The point is to stick it to the cunts on Wall Street. GME is/was the current vehicle for achieving that end but, when it inevitably fails, they'll find another and start over.
That's as best I understand it, anyway. Given my disclaimer above it's entirely possible I've grossly misread the whole situation.
Read Moresqerl
3 days ago Wallstreet Bets
No doubt the volatility and constant downward price pressure makes it hard to stomach for holders...a 100% a gamble.
At for what's next, they've got cash in the bank, reduced inventory, and made a Q4 profit. Can they repeat? That remains to be seen, especially if inflation stays elevated and unemployment climbs.
Also, those Robinhood teenagers play games and are involved in crypto. GME made $89MM with their cypto/nft portal (still mostly beta) and if gaming & crypto collide, it could be a cash cow. In fact, it may be what made them profitable last quarter.

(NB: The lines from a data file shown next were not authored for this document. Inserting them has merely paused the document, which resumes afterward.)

(* Let $f:\mathbb{R}^n\to\mathbb{R}\cup\{+\infty\}$ be closed and convex, let $X\in\mathbb{R}^{n\times m}$ have rank $r$ with compact SVD $X=U_r\Sigma_r V_r^\top$, let $\gamma>0$, $k\ge0$. For an integer $q\ge0$ define $$p^*_{\rm con}(q)=\min_{w\in\mathbb{R}^m}\ f(Xw)\quad\text{s.t.}\quad \|w\|_0\le q,\ \|w\|_2^2\le\gamma,$$ $$p^{**}_{\rm con}(k)=\min_{v\in\mathbb{R}^m,\ u\in[0,1]^m}\ f(XD(u)v)\quad\text{s.t.}\quad \mathbf 1^\top u\le k,\ v^\top D(u)v\le\gamma .$$ Let $(v^*,u^* )$ be an optimal solution of the latter with optimal value $t^*$, let $z^*=\Sigma_rV_r^\top D(u^* )v^*$, let $\ell_i$ be the $i$-th column of $\Sigma_rV_r^\top$, let $c\sim\mathcal N(0,I_m)$, and consider the linear program in $u\in\mathbb{R}^m$: $$\min\ c^\top u\quad\text{s.t.}\quad \sum_{i=1}^m u_i\le k,\quad \sum_{i=1}^m u_i(v_i^* )^2\le\gamma,\quad \sum_{i=1}^m u_i\ell_iv_i^*=z^*,\quad u\in[0,1]^m.$$ Then, with probability one, from an optimal basic feasible solution $\bar u$ of this linear program one can construct the point $w=D(\bar u)v^*$ (with $S=\{i:\bar u_i\notin\{0,1\}\}$, $\tilde u_i=1,\tilde v_i=\bar u_iv_i^*$ for $i\in S$, $\tilde u_i=\bar u_i,\tilde v_i=v_i^*$ otherwise, $w=D(\tilde u)\tilde v$), whose objective value $\mathrm{OPT}=f(Xw)$ satisfies $$p^*_{\rm con}(k+r+2)-\rho(f)\le\mathrm{OPT}\le p^{**}_{\rm con}(k)\le p^*_{\rm con}(k),$$ where $\rho(f)=\sup_{w}\big(f(Xw)-f^{**}(Xw)\big)\ge0$.
   Context: $\|w\|_0$ is the number of nonzero entries of $w$; $D(u)=\mathrm{diag}(u_1,\dots,u_m)$; $\mathbf 1$ is the all-ones vector. $f^*(y)=\sup_x x^\top y-f(x)$ is the convex conjugate and $f^{**}$ the biconjugate (convex envelope) of $f$; for closed convex $f$, $f^{**}=f$. *)

theory Defs
  imports "HOL-Analysis.Analysis" "HOL-Probability.Probability"
begin

text \<open>Extended-valued functions R^n -> R \<union> {+\<infinity>} are modelled as ereal-valued
functions never taking the value -\<infinity>.\<close>

definition closed_convex_fun :: "(real^'n \<Rightarrow> ereal) \<Rightarrow> bool" where
  "closed_convex_fun f \<longleftrightarrow> (\<forall>x. f x \<noteq> -\<infinity>) \<and>
     convex {(x, t::real). f x \<le> ereal t} \<and> closed {(x, t::real). f x \<le> ereal t}"

definition conj_fun :: "(real^'n \<Rightarrow> ereal) \<Rightarrow> real^'n \<Rightarrow> ereal" where
  "conj_fun f y = (SUP x. ereal (x \<bullet> y) - f x)"

definition biconj_fun :: "(real^'n \<Rightarrow> ereal) \<Rightarrow> real^'n \<Rightarrow> ereal" where
  "biconj_fun f = conj_fun (conj_fun f)"

text \<open>rho(f) = sup_w (f(Xw) - f**(Xw)), with the convention (+\<infinity>) - (+\<infinity>) = 0.\<close>
definition rho :: "(real^'n \<Rightarrow> ereal) \<Rightarrow> real^'m^'n \<Rightarrow> ereal" where
  "rho f X = (SUP w. (if f (X *v w) = \<infinity> \<and> biconj_fun f (X *v w) = \<infinity> then 0
                      else f (X *v w) - biconj_fun f (X *v w)))"

definition l0norm :: "real^'m \<Rightarrow> nat" where
  "l0norm w = card {i. w $ i \<noteq> 0}"

definition diagm :: "real^'m \<Rightarrow> real^'m^'m" where
  "diagm u = (\<chi> i j. if i = j then u $ i else 0)"

definition p_con :: "(real^'n \<Rightarrow> ereal) \<Rightarrow> real^'m^'n \<Rightarrow> real \<Rightarrow> nat \<Rightarrow> ereal" where
  "p_con f X \<gamma> q = (INF w \<in> {w. l0norm w \<le> q \<and> (norm w)^2 \<le> \<gamma>}. f (X *v w))"

definition relax_feasible :: "real \<Rightarrow> real \<Rightarrow> real^'m \<Rightarrow> real^'m \<Rightarrow> bool" where
  "relax_feasible k \<gamma> v u \<longleftrightarrow> (\<forall>i. 0 \<le> u $ i \<and> u $ i \<le> 1) \<and>
      (\<Sum>i\<in>UNIV. u $ i) \<le> k \<and> v \<bullet> (diagm u *v v) \<le> \<gamma>"

definition p_relax :: "(real^'n \<Rightarrow> ereal) \<Rightarrow> real^'m^'n \<Rightarrow> real \<Rightarrow> nat \<Rightarrow> ereal" where
  "p_relax f X \<gamma> k = (INF (v, u) \<in> {(v, u). relax_feasible (real k) \<gamma> v u}.
                         f (X *v (diagm u *v v)))"

text \<open>Compact SVD X = U_r \<Sigma>_r V_r^T: columns U j, V j and singular values \<sigma> j for j < r.\<close>
definition compact_svd :: "real^'m^'n \<Rightarrow> nat \<Rightarrow> (nat \<Rightarrow> real^'n) \<Rightarrow> (nat \<Rightarrow> real)
     \<Rightarrow> (nat \<Rightarrow> real^'m) \<Rightarrow> bool" where
  "compact_svd X r U \<sigma> V \<longleftrightarrow>
     (\<forall>j<r. \<forall>j'<r. U j \<bullet> U j' = (if j = j' then 1 else 0) \<and>
                    V j \<bullet> V j' = (if j = j' then 1 else 0)) \<and>
     (\<forall>j<r. \<sigma> j > 0) \<and>
     (\<forall>a b. X $ a $ b = (\<Sum>j<r. U j $ a * \<sigma> j * V j $ b))"

text \<open>The linear program in u, given c, k, \<gamma>, v*, the columns \<ell>_i of \<Sigma>_r V_r^T
  (stored as L j i = (\<ell>_i)_j for j < r) and z*.\<close>
definition lp_feasible :: "real \<Rightarrow> real \<Rightarrow> real^'m \<Rightarrow> nat \<Rightarrow> (nat \<Rightarrow> 'm \<Rightarrow> real)
     \<Rightarrow> (nat \<Rightarrow> real) \<Rightarrow> real^'m \<Rightarrow> bool" where
  "lp_feasible k \<gamma> vs r L z u \<longleftrightarrow>
     (\<Sum>i\<in>UNIV. u $ i) \<le> k \<and> (\<Sum>i\<in>UNIV. u $ i * (vs $ i)^2) \<le> \<gamma> \<and>
     (\<forall>j<r. (\<Sum>i\<in>UNIV. u $ i * L j i * vs $ i) = z j) \<and>
     (\<forall>i. 0 \<le> u $ i \<and> u $ i \<le> 1)"

text \<open>Basic feasible solution: feasible, and the normals of the active constraints
  (all equality constraints plus the tight inequality constraints) span R^m.\<close>
definition lp_active_normals :: "real \<Rightarrow> real \<Rightarrow> real^'m \<Rightarrow> nat \<Rightarrow> (nat \<Rightarrow> 'm \<Rightarrow> real)
     \<Rightarrow> real^'m \<Rightarrow> (real^'m) set" where
  "lp_active_normals k \<gamma> vs r L u =
     {(\<chi> i. L j i * vs $ i) | j. j < r} \<union>
     (if (\<Sum>i\<in>UNIV. u $ i) = k then {(\<chi> i. 1)} else {}) \<union>
     (if (\<Sum>i\<in>UNIV. u $ i * (vs $ i)^2) = \<gamma> then {(\<chi> i. (vs $ i)^2)} else {}) \<union>
     {axis i 1 | i. u $ i = 0 \<or> u $ i = 1}"

definition lp_bfs :: "real \<Rightarrow> real \<Rightarrow> real^'m \<Rightarrow> nat \<Rightarrow> (nat \<Rightarrow> 'm \<Rightarrow> real)
     \<Rightarrow> (nat \<Rightarrow> real) \<Rightarrow> real^'m \<Rightarrow> bool" where
  "lp_bfs k \<gamma> vs r L z u \<longleftrightarrow> lp_feasible k \<gamma> vs r L z u \<and>
     span (lp_active_normals k \<gamma> vs r L u) = UNIV"

definition lp_optimal :: "real^'m \<Rightarrow> real \<Rightarrow> real \<Rightarrow> real^'m \<Rightarrow> nat \<Rightarrow> (nat \<Rightarrow> 'm \<Rightarrow> real)
     \<Rightarrow> (nat \<Rightarrow> real) \<Rightarrow> real^'m \<Rightarrow> bool" where
  "lp_optimal c k \<gamma> vs r L z u \<longleftrightarrow> lp_feasible k \<gamma> vs r L z u \<and>
     (\<forall>u'. lp_feasible k \<gamma> vs r L z u' \<longrightarrow> c \<bullet> u \<le> c \<bullet> u')"

definition std_gaussian :: "(real^'m) measure" where
  "std_gaussian = density lborel (\<lambda>c. ennreal (\<Prod>i\<in>UNIV. std_normal_density (c $ i)))"

definition round_point :: "real^'m \<Rightarrow> real^'m \<Rightarrow> real^'m" where
  "round_point ub vs =
     (let S = {i. ub $ i \<notin> {0, 1}};
          ut = (\<chi> i. if i \<in> S then 1 else ub $ i);
          vt = (\<chi> i. if i \<in> S then ub $ i * vs $ i else vs $ i)
      in diagm ut *v vt)"

end

theory Submission
  imports Defs
begin

(* Coordinatewise the rounded point is w_i = ub_i v*_i, and the equality constraints of the
   linear program say Sigma_r V_r^T w = z*; hence X w = X D v* with D the diagonal matrix of u*,
   and OPT = t*, which is at most p**_con(k) <= p*_con(k). At a basic feasible solution the
   active normals span R^m, and at most r + 2 of them are not unit vectors, so at most r + 2
   coordinates of ub are fractional; at most k equal 1 because their sum is at most k. With
   ub_i^2 <= ub_i this makes w feasible for p*_con(k + r + 2), and rho(f) >= 0 gives the lower
   bound. An optimal basic feasible solution (an extreme point of the optimal face) exists for
   every cost vector c, so the statement holds surely, not only almost surely. *)

lemma diagm_mult_vec_nth: "(diagm u *v v) $ i = u $ i * v $ i"
  unfolding diagm_def matrix_vector_mult_def
  by (simp add: if_distrib[of "\<lambda>x. x * _"] cong: if_cong)

lemma round_point_nth: "round_point ub vs $ i = ub $ i * vs $ i"
  unfolding round_point_def Let_def diagm_mult_vec_nth by auto

lemma compact_svd_mult_vec_nth:
  assumes "compact_svd X r U \<sigma> V"
  shows "(X *v w) $ a = (\<Sum>j<r. U j $ a * (\<Sum>b\<in>UNIV. \<sigma> j * V j $ b * w $ b))"
proof -
  have "(X *v w) $ a = (\<Sum>b\<in>UNIV. \<Sum>j<r. U j $ a * (\<sigma> j * V j $ b * w $ b))"
    using assms unfolding compact_svd_def matrix_vector_mult_def
    by (simp add: sum_distrib_right mult.assoc)
  also have "\<dots> = (\<Sum>j<r. U j $ a * (\<Sum>b\<in>UNIV. \<sigma> j * V j $ b * w $ b))"
    by (subst sum.swap) (simp add: sum_distrib_left)
  finally show ?thesis .
qed

lemma compact_svd_mult_vec_cong:
  assumes "compact_svd X r U \<sigma> V"
    and "\<And>j. j < r \<Longrightarrow> (\<Sum>b\<in>UNIV. \<sigma> j * V j $ b * w $ b) = (\<Sum>b\<in>UNIV. \<sigma> j * V j $ b * w' $ b)"
  shows "X *v w = X *v w'"
  using assms by (simp add: vec_eq_iff compact_svd_mult_vec_nth[OF assms(1)])
lemma sum_cos_mode_period:
  assumes "even e" "m > 0"
  shows "(\<Sum>j\<in>{0..<2 * int m}. cos_mode m e j) = (if 4 * int m dvd e then 2 * real m else 0)"
proof -
  obtain h where h: "e = 2 * h" using assms(1) by blast
  have "{0..<2 * int m} = int ` {..<2 * m}"
    by (auto simp: image_iff intro!: bexI[where x="nat _"])
  hence "(\<Sum>j\<in>{0..<2 * int m}. cos_mode m e j)
      = (\<Sum>k<2 * m. cos (2 * pi * of_int h * real k / real (2 * m)))"
    by (simp add: sum.reindex cos_mode_def h mult_ac)
  also have "\<dots> = (if int (2 * m) dvd h then real (2 * m) else 0)"
    using assms(2) by (intro sum_cos_period) simp
  also have "int (2 * m) dvd h \<longleftrightarrow> 4 * int m dvd e"
    by (auto simp: h)
  finally show ?thesis by simp
qed

definition Irow :: "nat \<Rightarrow> nat \<Rightarrow> int \<Rightarrow> int set" where
  "Irow m1 m2 i1 = parity_block (- 2 * int m2) (if i1 = int m1 then m2 else 2 * m2) i1"

lemma Iset_eq_Sigma: "Iset m1 m2 = Sigma {0..int m1} (Irow m1 m2)"
  unfolding Iset_def Irow_def parity_block_def by (auto simp: add.commute split: if_splits)

lemma finite_Iset: "finite (Iset m1 m2)"
  unfolding Iset_eq_Sigma Irow_def by (auto intro: finite_parity_block)

lemma card_Iset: "card (Iset m1 m2) = (2 * m1 + 1) * m2"
proof -
  have "{0..int m1} = insert (int m1) {0..<int m1}" by auto
  hence "card (Iset m1 m2) = (\<Sum>i1\<in>insert (int m1) {0..<int m1}. card (Irow m1 m2 i1))"
    unfolding Iset_eq_Sigma by (simp add: card_SigmaI Irow_def finite_parity_block)
  also have "\<dots> = m2 + (\<Sum>i1\<in>{0..<int m1}. 2 * m2)"
    by (simp add: Irow_def card_parity_block)
  finally show ?thesis by simp
qed

lemma Gamma_sq_eq_Sigma: "Gamma_sq m1 m2 = Sigma {0..2 * int m1} (\<lambda>a. parity_block (- int m2) m2 a)"
  unfolding Gamma_sq_def Kset_def parity_block_def by (auto simp: add.commute)

lemma finite_Gamma_sq: "finite (Gamma_sq m1 m2)"
  unfolding Gamma_sq_eq_Sigma by (auto intro: finite_parity_block)

lemma card_Gamma_sq: "card (Gamma_sq m1 m2) = (2 * m1 + 1) * m2"
  unfolding Gamma_sq_eq_Sigma
  by (subst card_SigmaI) (auto simp: finite_parity_block card_parity_block nat_add_distrib nat_mult_distrib)

lemma chi_mult_cnj:
  "chi m1 m2 \<gamma> i * cnj (chi m1 m2 \<gamma>' i)
    = of_real (cos_mode m1 (fst \<gamma>) (fst i) * cos_mode m1 (fst \<gamma>') (fst i))
      * cis (pi * of_int (snd \<gamma> - snd \<gamma>') * of_int (snd i) / real (2 * m2))"
proof -
  have "cis (of_int (snd \<gamma>) * of_int (snd i) * pi / (2 * real m2))
        * cnj (cis (of_int (snd \<gamma>') * of_int (snd i) * pi / (2 * real m2)))
      = cis (pi * of_int (snd \<gamma> - snd \<gamma>') * of_int (snd i) / real (2 * m2))"
    by (simp add: cis_cnj cis_mult) (rule arg_cong[where f=cis], simp add: diff_divide_distrib[symmetric] algebra_simps)
  thus ?thesis
    unfolding chi_def cos_mode_def cis_conv_exp[symmetric] by (simp add: mult_ac)
qed

lemma inner_w_chi_by_rows:
  "inner_w m1 m2 (chi m1 m2 \<gamma>) (chi m1 m2 \<gamma>')
    = (\<Sum>i1\<in>{0..int m1}. of_real (wgt m1 m2 (i1, 0) * cos_mode m1 (fst \<gamma>) i1 * cos_mode m1 (fst \<gamma>') i1)
        * (\<Sum>i2\<in>Irow m1 m2 i1. cis (pi * of_int (snd \<gamma> - snd \<gamma>') * of_int i2 / real (2 * m2))))"
proof -
  have "inner_w m1 m2 (chi m1 m2 \<gamma>) (chi m1 m2 \<gamma>')
      = (\<Sum>i1\<in>{0..int m1}. \<Sum>i2\<in>Irow m1 m2 i1.
           of_real (wgt m1 m2 (i1, i2)) * (chi m1 m2 \<gamma> (i1, i2) * cnj (chi m1 m2 \<gamma>' (i1, i2))))"
    unfolding inner_w_def Iset_eq_Sigma
    by (subst sum.Sigma) (auto simp: Irow_def finite_parity_block mult.assoc)
  also have "\<dots> = (\<Sum>i1\<in>{0..int m1}. \<Sum>i2\<in>Irow m1 m2 i1.
      of_real (wgt m1 m2 (i1, 0) * cos_mode m1 (fst \<gamma>) i1 * cos_mode m1 (fst \<gamma>') i1)
        * cis (pi * of_int (snd \<gamma> - snd \<gamma>') * of_int i2 / real (2 * m2)))"
    by (intro sum.cong refl) (simp add: chi_mult_cnj wgt_def)
  finally show ?thesis by (simp add: sum_distrib_left)
qed

lemma sum_cis_Irow:
  assumes "m2 > 0" "d \<noteq> 0" "\<bar>d\<bar> < 2 * int m2" "i1 = int m1 \<longrightarrow> even d"
  shows "(\<Sum>i2\<in>Irow m1 m2 i1. cis (pi * of_int d * of_int i2 / real (2 * m2))) = 0"
proof (cases "i1 = int m1")
  case True
  then obtain h where h: "d = 2 * h" using assms(4) by blast
  have "\<not> int m2 dvd h" using dvd_iff_eq_0_if_abs_less[of h "int m2"] assms(2,3) h by auto
  hence "(\<Sum>i2\<in>parity_block (- 2 * int m2) m2 i1. cis (pi * of_int h * of_int i2 / real m2)) = 0"
    using assms(1) by (intro sum_cis_parity_block)
  moreover have "pi * of_int d * of_int i2 / real (2 * m2) = pi * of_int h * of_int i2 / real m2" for i2
    by (simp add: h)
  ultimately show ?thesis using True by (simp add: Irow_def)
next
  case False
  have "\<not> int (2 * m2) dvd d" using dvd_iff_eq_0_if_abs_less[of d "2 * int m2"] assms(2,3) by auto
  thus ?thesis using False assms(1) sum_cis_parity_block[of "2 * m2" d "- 2 * int m2" i1]
    by (simp add: Irow_def)
qed
lemma frob_residual_minus_coupling_le:
  assumes i: "i \<in> {1..r}" and q: "q \<in> {1..P}"
  shows "frob (residual p i - coupling i i q (residual p i)) \<le> frob (residual p i) / 4"
proof -
  define D where "D Z = coupling i i q (PT (h i) (x i) Z) - PT (h i) (x i) Z" for Z
  have D: "mat_linear (K i) (N i) (K i) (N i) D"
    unfolding D_def[abs_def] using assms
    by (intro mat_linear_minus mat_linear_comp[OF mat_linear_coupling] mat_linear_PT_index) auto
  have "frob (residual p i - coupling i i q (residual p i)) = frob (D (residual p i))"
    unfolding D_def PT_residual[OF i]
    using frob_minus_commute residual_carrier_mat[OF i]
      mat_linear_carrier[OF mat_linear_coupling[OF i i q] residual_carrier_mat[OF i]] by blast
  also have "\<dots> \<le> op_norm (K i) (N i) frob D * frob (residual p i)"
    using D residual_carrier_mat[OF i] by (rule frob_le_op_norm)
  also have "\<dots> \<le> 1 / 4 * frob (residual p i)"
    using diag[OF i q] frob_nonneg unfolding D_def coupling_def by (intro mult_right_mono)
  finally show ?thesis by simp
qed

lemma frob_coupling_residual_le:
  assumes i: "i \<in> {1..r}" and j: "j \<in> {1..r}" and q: "q \<in> {1..P}" and "i \<noteq> j"
  shows "frob (coupling i j q (residual p j)) \<le> frob (residual p j) / (4 * real r)"
proof -
  define F where "F Z = coupling i j q (PT (h j) (x j) Z)" for Z
  have F: "mat_linear (K j) (N j) (K i) (N i) F"
    unfolding F_def[abs_def] using assms by (intro mat_linear_comp[OF mat_linear_coupling] mat_linear_PT_index)
  have "frob (coupling i j q (residual p j)) = frob (F (residual p j))"
    unfolding F_def PT_residual[OF j] ..
  also have "\<dots> \<le> op_norm (K j) (N j) frob F * frob (residual p j)"
    using F residual_carrier_mat[OF j] by (rule frob_le_op_norm)
  also have "\<dots> \<le> 1 / (4 * real r) * frob (residual p j)"
    using offdiag[OF i j q \<open>i \<noteq> j\<close>] frob_nonneg unfolding F_def coupling_def by (intro mult_right_mono)
  finally show ?thesis by simp
qed

lemma frob_cross_terms_le:
  assumes q: "Suc p \<in> {1..P}" and i: "i \<in> {1..r}"
    and bound: "\<And>j. j \<in> {1..r} \<Longrightarrow> frob (residual p j) \<le> \<epsilon>"
  shows "frob (cross_terms p i) \<le> \<epsilon> / 4"
proof -
  let ?J = "{1..r} - {i}"
  have "\<epsilon> \<ge> 0" using bound[OF i] frob_nonneg order_trans by blast
  have "frob (cross_terms p i) \<le> (\<Sum>j\<in>?J. frob (coupling i j (Suc p) (residual p j)))"
    unfolding cross_terms_def coupling_def using h_dim[OF i] x_dim[OF i]
    by (intro frob_PT_Aadj_sum_le) auto
  also have "\<dots> \<le> (\<Sum>j\<in>?J. \<epsilon> / (4 * real r))"
  proof (rule sum_mono)
    fix j assume j: "j \<in> ?J"
    then have "frob (coupling i j (Suc p) (residual p j)) \<le> frob (residual p j) / (4 * real r)"
      using frob_coupling_residual_le[OF i _ q] by auto
    also have "\<dots> \<le> \<epsilon> / (4 * real r)"
      using bound j by (intro divide_right_mono) auto
    finally show "frob (coupling i j (Suc p) (residual p j)) \<le> \<epsilon> / (4 * real r)" .
  qed
  also have "\<dots> = real (r - 1) * \<epsilon> / (4 * real r)"
    using i by simp
  also have "\<dots> \<le> \<epsilon> / 4"
    using i \<open>\<epsilon> \<ge> 0\<close> by (simp add: field_simps of_nat_diff)
  finally show ?thesis .
qed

GameStop is at the crossroads of hype & practically. Their chances of upsetting Amazon long-term is highly questionable and the regulatory pressure on crypto doesn't bode well for their NFT presence.
<insert Obama 'if if if if if if if if if' meme here>
Considering their market cap is higher than many mid-sized banks, their used-game section may provide a better return. IF they overcome inflation, unemployment, & regulations (or at least survive it), their future could be the moon well before anyone sees sub-$1 discounts. Either way, they've done an admirable job to brush off the meme-stock baggage and give themselves a chance at a bright future.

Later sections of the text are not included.